Wesley F. McNamara, for respondent.
Haines, Harry A.

Harry A. Haines

MEMORANDUM FINDINGS OF FACT AND OPINION

HAINES, Judge: Respondent determined a deficiency in petitioners' 2000 Federal income tax of $ 314,372 and an addition to tax under section 6651(a)(1) of $ 38,837. 1*20 After concessions, 2 the issues for decision are: (1) Whether respondent's and petitioners' motions to conform pleadings to the evidence should be granted; (2) whether petitioners received but failed to report certain items of income; (3) whether petitioners are liable for a 10-percent additional tax under section 72(t) on early distributions from qualified retirement plans; (4) whether petitioners are entitled to certain itemized deductions; (5) whether petitioners are liable for any alternative minimum tax; and (6) whether petitioners are liable for an addition to tax under section 6651(a)(1).

FINDINGS OF FACT

Some of the facts have been stipulated and are so found.
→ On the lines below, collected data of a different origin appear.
theorem lemma3p12:
  fixes n :: nat and G T1 T2 :: "(nat \<times> nat) set"
  assumes "graph_on n G"
    and "nc_tree n T1" and "G_reduced n G T1"
    and "nc_tree n T2" and "G_reduced n G T2"
    and "T1 \<noteq> T2"
  shows "signature n T1 \<noteq> signature n T2"
proof
  assume sig: "signature n T1 = signature n T2"
  have graphs: "graph_on n T1" "graph_on n T2" using assms(2,4) by (simp_all add: nc_tree_graph_on)
  obtain x c where xc: "(x, c) \<in> T1 \<union> T2" "(x, c) \<notin> T1 \<inter> T2"
    and below: "\<And>p q. q < c \<Longrightarrow> (p, q) \<in> T1 \<longleftrightarrow> (p, q) \<in> T2"
    and right: "\<And>y. x < y \<Longrightarrow> (y, c) \<in> T1 \<longleftrightarrow> (y, c) \<in> T2"
    by (rule extremal_difference[OF assms(6) graphs]) (rule that)
  have "1 \<le> c" "c \<le> n"
    using xc(1) graph_onD[OF graphs(1), of x c] graph_onD[OF graphs(2), of x c] by auto
  then have sig_c: "sig_list T1 c ! (c - 1) = sig_list T2 c ! (c - 1)"
    using sig sig_list_nth_prefix[of c n, symmetric] unfolding signature_def by simp
  have "T1 \<subseteq> G" "T2 \<subseteq> G" using assms(3,5) unfolding G_reduced_def by simp_all
  show False
  proof (cases "(x, c) \<in> T2")
    case True
    with xc have "(x, c) \<notin> T1" by blast
    from not_G_reduced[OF assms(2,4) below True this right sig_c \<open>T2 \<subseteq> G\<close>] assms(3) show False ..
  next
    case False
    with xc have "(x, c) \<in> T1" by blast
    have below': "(p, q) \<in> T2 \<longleftrightarrow> (p, q) \<in> T1" if "q < c" for p q using below[OF that] by simp
    have right': "(y, c) \<in> T2 \<longleftrightarrow> (y, c) \<in> T1" if "x < y" for y using right[OF that] by simp
    from not_G_reduced[OF assms(4,2) below' \<open>(x, c) \<in> T1\<close> False right' sig_c[symmetric] \<open>T1 \<subseteq> G\<close>] assms(5)
    show False ..
  qed
qed

end
lemma gform_raised:
  "gform G ((ginv G ** T) *v x) ((ginv G ** T) *v y) = gform (transpose T ** ginv G ** T) x y"
  by (simp add: gform_congruence matrix_transpose_mul transpose_ginv matrix_mul_assoc ginv_metric
      flip: matrix_mul_assoc)

lemma gform_raised_right: "gform G u ((ginv G ** T) *v v) = u \<bullet> (T *v v)"
  by (simp add: gform_def matrix_vector_mul_assoc matrix_mul_assoc metric_ginv)

lemma gform_raised_transpose_left: "gform G ((ginv G ** transpose T) *v u) v = u \<bullet> (T *v v)"
  by (simp add: gform_sym[of _ v] gform_raised_right inner_commute flip: dot_lmul_matrix)

lemma bi_conformal_gform:
  assumes "bi_conformal G T c"
  shows "gform G ((ginv G ** transpose T) *v x) ((ginv G ** transpose T) *v y) = c * gform G x y"
    and "gform G ((ginv G ** T) *v x) ((ginv G ** T) *v y) = c * gform G x y"
  using assms gform_raised[of "transpose T"] gform_raised[of T]
  by (simp_all add: bi_conformal_def gform_scaleR_matrix)

lemma null_cone_bipreserving_iff_null_cone_forms:
  "null_cone_bipreserving G T \<longleftrightarrow>
     (\<forall>k. null_vec G k \<longrightarrow>
        gform (T ** ginv G ** transpose T) k k = 0 \<and> gform (transpose T ** ginv G ** T) k k = 0)"
proof -
  have "null_or_zero_vec G v \<longleftrightarrow> gform G v v = 0" for v
    by (auto simp: null_or_zero_vec_def null_vec_def)
  moreover have "null_or_zero_cov G w \<longleftrightarrow> gform (ginv G) w w = 0" for w
    by (auto simp: null_or_zero_cov_def null_vec_def)
  ultimately show ?thesis
    by (simp add: null_cone_bipreserving_def vector_mult_mixed mixed_mult_lowered
        gform_raised[of "transpose T"] gform_congruence[of "ginv G" T])
qed

end
(* Let $n\ge3$ and $k\ge2$ be integers, and let $A=\mathrm{pdiag}(a_1,\dots,a_n)$ with $0\le a_1\le\dots\le a_n$. If there exists $i$ with $2\le i\le n-1$ such that $$a_i>\frac{\max\{(k-2)a_n,\ k a_1\}}{k-1},$$ then $D=A^k$ (which has the $k$-th root $A$) does not satisfy the root condition; that is, there exist $i',j',t\in[n]$ with $D_{i'j'}+D_{tt}<D_{i't}+D_{tj'}$.
   Context: Max-plus conventions: $\oplus=\max$, $\otimes=+$; $(A\otimes B)_{ij}=\max_t(A_{it}+B_{tj})$, $A^k$ is the $k$-fold max-plus power. $\mathrm{pdiag}(a_1,\dots,a_n)$ is the matrix with real diagonal entries $a_1,\dots,a_n$ and all off-diagonal entries equal to the real number $0$. A finite matrix $M\in\mathbb{R}^{n\times n}$ satisfies the root condition if $M_{ij}+M_{tt}\ge M_{it}+M_{tj}$ for all $i,j,t\in[n]$. *)

theory Defs
  imports Main "HOL.Real"
begin

text \<open>Square real matrices of size n are represented as functions nat => nat => real,
  with indices ranging over [n] = {1..n}; entries outside are irrelevant.\<close>

definition mp_mult :: "nat \<Rightarrow> (nat \<Rightarrow> nat \<Rightarrow> real) \<Rightarrow> (nat \<Rightarrow> nat \<Rightarrow> real) \<Rightarrow> (nat \<Rightarrow> nat \<Rightarrow> real)" where
  "mp_mult n A B = (\<lambda>i j. Max ((\<lambda>t. A i t + B t j) ` {1..n}))"

fun mp_pow :: "nat \<Rightarrow> (nat \<Rightarrow> nat \<Rightarrow> real) \<Rightarrow> nat \<Rightarrow> (nat \<Rightarrow> nat \<Rightarrow> real)" where
  "mp_pow n A 0 = A"
| "mp_pow n A (Suc 0) = A"
| "mp_pow n A (Suc (Suc k)) = mp_mult n (mp_pow n A (Suc k)) A"

definition pdiag :: "(nat \<Rightarrow> real) \<Rightarrow> (nat \<Rightarrow> nat \<Rightarrow> real)" where
  "pdiag a = (\<lambda>i j. if i = j then a i else 0)"

definition root_condition :: "nat \<Rightarrow> (nat \<Rightarrow> nat \<Rightarrow> real) \<Rightarrow> bool" where
  "root_condition n M = (\<forall>i\<in>{1..n}. \<forall>j\<in>{1..n}. \<forall>t\<in>{1..n}. M i j + M t t \<ge> M i t + M t j)"

end

theory Submission
  imports Defs
begin

text \<open>Entry (i,j) of \<open>pdiag a\<close> to the max-plus power k is the largest weight of a walk of
  length k from i to j in which every loop at t weighs \<open>a t\<close> and every other step weighs 0.
  With \<open>a\<close> bounded by \<open>a n\<close>, a diagonal entry is at most \<open>max (k a\<^sub>i) ((k-2) a\<^sub>n)\<close> and an
  off-diagonal one at most \<open>(k-1) a\<^sub>n\<close>, while \<open>D i 1 \<ge> (k-1) a\<^sub>i\<close> and \<open>D 1 n \<ge> (k-1) a\<^sub>n\<close>.
  The hypothesis on \<open>a\<^sub>i\<close> thus makes \<open>D 1 1 < D i 1\<close>, and the root condition fails at
  \<open>(i, n, 1)\<close>.\<close>

lemma mp_mult_ge:
  assumes "t \<in> {1..n}"
  shows "A i t + B t j \<le> mp_mult n A B i j"
  using assms unfolding mp_mult_def by (intro Max_ge) auto

lemma mp_mult_le:
  assumes "1 \<le> n" and "\<And>t. t \<in> {1..n} \<Longrightarrow> A i t + B t j \<le> c"
  shows "mp_mult n A B i j \<le> c"
  using assms unfolding mp_mult_def by (subst Max_le_iff) auto

lemma pdiag_pow_diag_ge:
  assumes "i \<in> {1..n}"
  shows "real (Suc m) * a i \<le> mp_pow n (pdiag a) (Suc m) i i"
proof (induction m)
  case 0
  then show ?case by (simp add: pdiag_def)
next
  case (Suc m)
  have "mp_pow n (pdiag a) (Suc m) i i + pdiag a i i \<le> mp_pow n (pdiag a) (Suc (Suc m)) i i"
    using mp_mult_ge[OF assms] by simp
  with Suc.IH show ?case by (simp add: pdiag_def algebra_simps)
qed

lemma pdiag_pow_offdiag_ge_row:
  assumes "i \<in> {1..n}" and "i \<noteq> j"
  shows "real m * a i \<le> mp_pow n (pdiag a) (Suc m) i j"
proof (cases m)
  case 0
  then show ?thesis using assms by (simp add: pdiag_def)
next
  case (Suc m')
  have "mp_pow n (pdiag a) (Suc m') i i + pdiag a i j \<le> mp_pow n (pdiag a) (Suc (Suc m')) i j"
    using mp_mult_ge[OF assms(1)] by simp
  then show ?thesis
    using pdiag_pow_diag_ge[OF assms(1), of m' a] assms(2) Suc by (simp add: pdiag_def)
qed

lemma pdiag_pow_offdiag_ge_col:
  assumes "j \<in> {1..n}" and "i \<noteq> j"
  shows "real m * a j \<le> mp_pow n (pdiag a) (Suc m) i j"
proof (induction m)
  case 0
  then show ?case using assms by (simp add: pdiag_def)
next
  case (Suc m)
  have "mp_pow n (pdiag a) (Suc m) i j + pdiag a j j \<le> mp_pow n (pdiag a) (Suc (Suc m)) i j"
    using mp_mult_ge[OF assms(1)] by simp
  with Suc.IH show ?case by (simp add: pdiag_def algebra_simps)
qed

lemma pdiag_pow_le:
  fixes a :: "nat \<Rightarrow> real"
  assumes "1 \<le> n" and "0 \<le> M" and bound: "\<And>t. t \<in> {1..n} \<Longrightarrow> a t \<le> M"
    and "i \<in> {1..n}"
  shows "mp_pow n (pdiag a) (Suc m) i j
    \<le> (if i = j then max (real (Suc m) * a i) ((real m - 1) * M) else real m * M)"
proof (induction m arbitrary: j)
  case 0
  then show ?case by (simp add: pdiag_def)
next
  case (Suc m)
  let ?P = "mp_pow n (pdiag a) (Suc m)"
  have aiM: "a i \<le> M" using bound assms(4) .
  have off: "?P i t \<le> real m * M" if "t \<noteq> i" for t
    using Suc.IH[of t] that by simp
  have diag: "?P i i \<le> max (real (Suc m) * a i) ((real m - 1) * M)"
    using Suc.IH[of i] by simp
  have diag_weak: "?P i i \<le> real (Suc m) * M"
  proof -
    have "real (Suc m) * a i \<le> real (Suc m) * M" using aiM by (simp add: mult_left_mono)
    moreover have "(real m - 1) * M \<le> real (Suc m) * M" using assms(2) by (simp add: mult_right_mono)
    ultimately show ?thesis using diag by linarith
  qed
  show ?case
  proof (cases "i = j")
    case True
    have "?P i t + pdiag a t i \<le> max (real (Suc (Suc m)) * a i) ((real (Suc m) - 1) * M)"
      if "t \<in> {1..n}" for t
    proof (cases "t = i")
      case True
      then show ?thesis using diag aiM by (auto simp: pdiag_def algebra_simps)
    next
      case False
      then show ?thesis using off[of t] by (simp add: pdiag_def)
    qed
    then have "mp_mult n ?P (pdiag a) i i
        \<le> max (real (Suc (Suc m)) * a i) ((real (Suc m) - 1) * M)"
      by (rule mp_mult_le[OF assms(1)])
    with True show ?thesis by simp
  next
    case False
    have "?P i t + pdiag a t j \<le> real (Suc m) * M" if "t \<in> {1..n}" for t
    proof (cases "t = j")
      case True
      then show ?thesis using off[of j] bound[OF that] False by (simp add: pdiag_def algebra_simps)
    next
      case False
      then show ?thesis
        using off[of t] diag_weak assms(2) by (cases "t = i") (auto simp: pdiag_def algebra_simps)
    qed
    with False show ?thesis using mp_mult_le[OF assms(1)] by simp
  qed
qed

theorem proposition4p11:
  fixes n k :: nat and a :: "nat \<Rightarrow> real"
  assumes "n \<ge> 3" and "k \<ge> 2"
    and "0 \<le> a 1"
    and "\<And>i j. 1 \<le> i \<Longrightarrow> i \<le> j \<Longrightarrow> j \<le> n \<Longrightarrow> a i \<le> a j"
    and "\<exists>i. 2 \<le> i \<and> i \<le> n - 1 \<and>
           a i > max ((real k - 2) * a n) (real k * a 1) / (real k - 1)"
  shows "\<not> root_condition n (mp_pow n (pdiag a) k) \<and>
         (\<exists>i'\<in>{1..n}. \<exists>j'\<in>{1..n}. \<exists>t\<in>{1..n}.
            mp_pow n (pdiag a) k i' j' + mp_pow n (pdiag a) k t t
              < mp_pow n (pdiag a) k i' t + mp_pow n (pdiag a) k t j')"
proof -
  obtain i where i: "2 \<le> i" "i \<le> n - 1"
    and ai: "a i > max ((real k - 2) * a n) (real k * a 1) / (real k - 1)"
    using assms(5) by blast
  obtain m where m: "k = Suc m" "1 \<le> m" using assms(2) by (cases k) auto
  let ?D = "mp_pow n (pdiag a) k"
  have idx: "i \<in> {1..n}" "1 \<in> {1..n}" "n \<in> {1..n}" "i \<noteq> n" "i \<noteq> 1" "1 \<noteq> n"
    using i assms(1) by auto
  have bound: "\<And>t. t \<in> {1..n} \<Longrightarrow> a t \<le> a n"
    using assms(4)[of _ n] by auto
  have "0 \<le> a n" using assms(3) bound[of 1] idx by simp
  note upper = pdiag_pow_le[where n=n and a=a and M="a n" and m=m, OF _ \<open>0 \<le> a n\<close> bound]
  have "?D i n \<le> real m * a n" using upper[where i=i and j=n] idx m by simp
  moreover have "real m * a n \<le> ?D 1 n"
    using pdiag_pow_offdiag_ge_col[where j=n and i=1 and m=m and a=a] idx m by simp
  moreover have "?D 1 1 \<le> max (real k * a 1) ((real m - 1) * a n)"
    using upper[where i=1 and j=1] idx m by simp
  moreover have "max ((real m - 1) * a n) (real k * a 1) < real m * a i"
    using ai m by (simp add: pos_divide_less_eq mult.commute)
  moreover have "real m * a i \<le> ?D i 1"
    using pdiag_pow_offdiag_ge_row[where i=i and j=1 and m=m and a=a] idx m by simp
  ultimately have "?D i n + ?D 1 1 < ?D i 1 + ?D 1 n" by linarith
  then show ?thesis using idx unfolding root_condition_def by (metis not_le)
qed

end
The stipulation of facts, supplemental stipulation of facts, and the second supplemental stipulation of facts and attached exhibits are incorporated herein by this reference. At the time they filed their petition, petitioners resided in Beaverton, Oregon.

Bidyut K. Bhattacharyya (petitioner) was born on October 8, 1955, and Diana T. Bhattacharyya (Mrs. Bhattacharyya) was born on January 19, 1960. From July 16, 1984, until October 21, 2000, petitioner was employed by Intel Corporation (Intel).

A. Income From Salary, Bonuses, Stock Options, and Other Sources

During 2000, petitioner received compensation from Intel in the form of a salary, bonuses, and through the exercise of nonqualified stock options. On January 11, 2000, petitioner exercised a nonqualified stock option granted by Intel to purchase 800 shares*21 of stock at $ 8.391 per share. The market price on January 11, 2000, was $ 92.00 per share, resulting in a realized gain of $ 66,887. On April 17, 2000, petitioner exercised a nonqualified stock option granted by Intel to purchase 5,000 shares of stock at $ 8.391 per share. The market price on April 17, 2000, was $ 116.4062 per share, resulting in a realized gain of $ 540,076. Petitioner exercised the nonqualified stock options through an investment brokerage account with Merrill Lynch (Merrill Lynch brokerage account).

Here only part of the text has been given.